__EXERCISE DIRECTIONS__:
Look through the data for the string "exceptional". Copy every line where it is found.

# # #

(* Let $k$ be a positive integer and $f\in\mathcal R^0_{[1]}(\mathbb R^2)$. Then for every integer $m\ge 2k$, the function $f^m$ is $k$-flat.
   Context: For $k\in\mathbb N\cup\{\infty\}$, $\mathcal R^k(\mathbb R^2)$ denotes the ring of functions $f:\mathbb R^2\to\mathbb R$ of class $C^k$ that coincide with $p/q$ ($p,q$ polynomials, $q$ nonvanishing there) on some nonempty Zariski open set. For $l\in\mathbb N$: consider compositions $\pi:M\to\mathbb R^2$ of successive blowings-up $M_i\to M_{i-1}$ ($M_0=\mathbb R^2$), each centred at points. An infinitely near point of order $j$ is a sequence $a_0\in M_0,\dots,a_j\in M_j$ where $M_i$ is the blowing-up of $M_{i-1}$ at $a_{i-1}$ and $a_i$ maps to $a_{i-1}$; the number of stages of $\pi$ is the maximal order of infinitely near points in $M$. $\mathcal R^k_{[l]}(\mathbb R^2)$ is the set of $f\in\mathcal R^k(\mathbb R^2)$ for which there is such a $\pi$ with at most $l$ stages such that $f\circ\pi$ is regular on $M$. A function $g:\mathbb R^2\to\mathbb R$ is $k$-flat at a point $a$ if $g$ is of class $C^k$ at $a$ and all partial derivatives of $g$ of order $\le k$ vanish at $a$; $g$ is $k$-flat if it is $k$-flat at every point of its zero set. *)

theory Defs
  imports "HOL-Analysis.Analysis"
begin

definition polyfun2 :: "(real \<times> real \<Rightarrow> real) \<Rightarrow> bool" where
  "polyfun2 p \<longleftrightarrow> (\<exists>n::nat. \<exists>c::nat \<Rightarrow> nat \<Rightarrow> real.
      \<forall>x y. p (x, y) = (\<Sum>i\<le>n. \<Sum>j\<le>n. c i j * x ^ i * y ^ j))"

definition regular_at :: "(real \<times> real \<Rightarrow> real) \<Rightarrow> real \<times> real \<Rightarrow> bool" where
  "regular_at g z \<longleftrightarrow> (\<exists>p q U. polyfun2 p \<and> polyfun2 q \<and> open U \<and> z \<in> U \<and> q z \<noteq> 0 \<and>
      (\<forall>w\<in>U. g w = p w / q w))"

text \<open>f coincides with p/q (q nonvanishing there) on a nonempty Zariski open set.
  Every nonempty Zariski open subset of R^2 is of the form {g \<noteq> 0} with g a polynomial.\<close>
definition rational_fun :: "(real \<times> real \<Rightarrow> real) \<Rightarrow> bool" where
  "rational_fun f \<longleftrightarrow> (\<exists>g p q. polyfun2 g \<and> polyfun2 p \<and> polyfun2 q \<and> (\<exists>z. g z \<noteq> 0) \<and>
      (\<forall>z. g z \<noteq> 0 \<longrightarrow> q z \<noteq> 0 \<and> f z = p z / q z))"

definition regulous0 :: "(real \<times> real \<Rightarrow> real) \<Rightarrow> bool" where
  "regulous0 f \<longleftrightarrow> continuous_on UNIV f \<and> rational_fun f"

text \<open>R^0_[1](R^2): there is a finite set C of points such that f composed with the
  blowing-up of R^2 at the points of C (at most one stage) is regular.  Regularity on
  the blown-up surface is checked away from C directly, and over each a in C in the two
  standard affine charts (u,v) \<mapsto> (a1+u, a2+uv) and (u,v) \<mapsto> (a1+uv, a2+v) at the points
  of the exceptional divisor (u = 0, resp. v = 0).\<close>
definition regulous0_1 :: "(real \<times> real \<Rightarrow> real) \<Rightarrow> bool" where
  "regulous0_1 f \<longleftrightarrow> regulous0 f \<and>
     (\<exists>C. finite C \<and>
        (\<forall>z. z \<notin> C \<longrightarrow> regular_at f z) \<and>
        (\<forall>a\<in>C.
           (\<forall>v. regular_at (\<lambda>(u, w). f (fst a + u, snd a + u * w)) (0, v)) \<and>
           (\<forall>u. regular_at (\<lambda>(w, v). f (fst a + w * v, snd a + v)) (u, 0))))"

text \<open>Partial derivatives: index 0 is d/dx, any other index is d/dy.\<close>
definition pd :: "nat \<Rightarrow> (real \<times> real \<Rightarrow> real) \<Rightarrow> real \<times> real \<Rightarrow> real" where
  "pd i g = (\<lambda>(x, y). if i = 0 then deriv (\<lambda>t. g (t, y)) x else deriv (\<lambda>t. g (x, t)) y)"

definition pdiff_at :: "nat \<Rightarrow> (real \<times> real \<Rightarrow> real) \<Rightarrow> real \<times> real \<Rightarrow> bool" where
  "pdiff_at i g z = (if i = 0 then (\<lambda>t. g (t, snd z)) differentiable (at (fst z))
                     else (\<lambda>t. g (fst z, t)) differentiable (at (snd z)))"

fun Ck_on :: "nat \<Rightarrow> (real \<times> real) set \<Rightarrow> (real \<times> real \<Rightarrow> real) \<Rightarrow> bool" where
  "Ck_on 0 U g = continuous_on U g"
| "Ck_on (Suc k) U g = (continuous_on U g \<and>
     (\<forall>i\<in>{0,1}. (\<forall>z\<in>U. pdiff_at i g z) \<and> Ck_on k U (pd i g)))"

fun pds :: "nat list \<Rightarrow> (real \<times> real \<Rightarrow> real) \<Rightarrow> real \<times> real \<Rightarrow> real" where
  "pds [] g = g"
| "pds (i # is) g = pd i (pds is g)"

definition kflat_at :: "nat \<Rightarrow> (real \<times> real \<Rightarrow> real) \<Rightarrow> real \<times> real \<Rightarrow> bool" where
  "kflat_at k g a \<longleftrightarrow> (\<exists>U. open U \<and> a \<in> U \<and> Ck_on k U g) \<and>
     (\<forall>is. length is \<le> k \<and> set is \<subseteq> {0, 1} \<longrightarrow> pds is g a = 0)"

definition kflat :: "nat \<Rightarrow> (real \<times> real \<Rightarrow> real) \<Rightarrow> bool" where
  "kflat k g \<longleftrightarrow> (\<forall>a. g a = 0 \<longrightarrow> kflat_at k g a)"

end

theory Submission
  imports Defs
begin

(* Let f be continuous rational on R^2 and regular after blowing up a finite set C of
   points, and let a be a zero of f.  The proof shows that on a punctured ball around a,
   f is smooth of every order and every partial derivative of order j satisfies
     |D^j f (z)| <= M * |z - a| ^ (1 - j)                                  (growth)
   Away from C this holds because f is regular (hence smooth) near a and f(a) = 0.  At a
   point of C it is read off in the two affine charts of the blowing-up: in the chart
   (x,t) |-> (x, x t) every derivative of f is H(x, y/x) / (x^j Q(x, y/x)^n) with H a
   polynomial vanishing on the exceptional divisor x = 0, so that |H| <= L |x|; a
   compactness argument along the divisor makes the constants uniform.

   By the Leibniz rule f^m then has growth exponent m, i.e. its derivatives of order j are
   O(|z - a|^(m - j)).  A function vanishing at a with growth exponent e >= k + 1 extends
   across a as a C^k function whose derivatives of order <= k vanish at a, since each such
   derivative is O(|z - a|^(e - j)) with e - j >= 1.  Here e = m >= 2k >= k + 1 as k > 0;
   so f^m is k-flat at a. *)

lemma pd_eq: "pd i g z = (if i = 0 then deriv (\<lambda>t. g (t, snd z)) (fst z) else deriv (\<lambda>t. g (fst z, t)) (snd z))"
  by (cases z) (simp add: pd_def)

# # #

__FINISHED TASK__:
  of the exceptional divisor (u = 0, resp. v = 0).\<close>
   polynomial vanishing on the exceptional divisor x = 0, so that |H| <= L |x|; a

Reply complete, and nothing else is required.